What's the f"£$%^*G point of a "Undo changes to partitions" button IF IT DOES FUCK ALL!

I quit.


----------



## Ripper3 (May 16, 2007)

HAH! The problem I once had too. Any hard drive can supprot a large amount of seperate partitions, although, it no hard drive can support more than 4 primary partitions. That 5th partition is unusable because it's trying to be a primary partition.
You'll need to delete one of the 4 other partitions and then from there, you can make as many logical (I think it's logical... might be called something else... damn this bad memory of mine!) partitions as you like.
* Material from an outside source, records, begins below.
lemma not_self_neighbor:
  assumes "simple_graph V E"
  shows "u \<notin> neighbors V E u"
  using assms unfolding simple_graph_def neighbors_def by auto

lemma degree_le_max_degree:
  assumes "simple_graph V E" "u \<in> V"
  shows "degree V E u \<le> max_degree V E"
  using assms unfolding max_degree_def simple_graph_def by auto

lemma max_degree_attained:
  assumes "simple_graph V E" "V \<noteq> {}"
  obtains z where "z \<in> V" "degree V E z = max_degree V E"
proof -
  have "finite V" using assms(1) unfolding simple_graph_def by auto
  then have "max_degree V E \<in> degree V E ` V"
    unfolding max_degree_def using assms(2) by (intro Max_in) auto
  then show ?thesis using that by auto
qed

lemma rtrancl_crosses_boundary:
  assumes "(a, b) \<in> R\<^sup>*" "a \<in> C" "b \<notin> C"
  shows "\<exists>u w. u \<in> C \<and> w \<notin> C \<and> (u, w) \<in> R"
  using assms by (induction rule: rtrancl_induct) auto

lemma connected_neighbor_exists:
  assumes conn: "connected_graph V E" and v: "v \<in> V" and y: "y \<in> V" "y \<noteq> v"
  shows "neighbors V E v \<noteq> {}"
proof -
  have "(v, y) \<in> {(x, y). x \<in> V \<and> y \<in> V \<and> E x y}\<^sup>*"
    using conn v y unfolding connected_graph_def by auto
  then show ?thesis
  proof (cases rule: converse_rtranclE)
    case base
    then show ?thesis using y(2) by simp
  next
    case (step a)
    then show ?thesis unfolding neighbors_def by auto
  qed
qed

lemma forced_closure_base: "S \<subseteq> forced_closure V E S"
  by (auto intro: forced_closure.init)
It'll still work just fine, and be bootable, but it's necesarry as it's a limitation in all hard drives.

EDIT: Sorry, sorry, not logical partiton, cos they're all logical partitions, I meant EXTENDED partitions


----------



## Casheti (May 16, 2007)

So I have to DELETE a partition?


----------



## kwchang007 (May 16, 2007)

Casheti said:


> So I have to DELETE a partition?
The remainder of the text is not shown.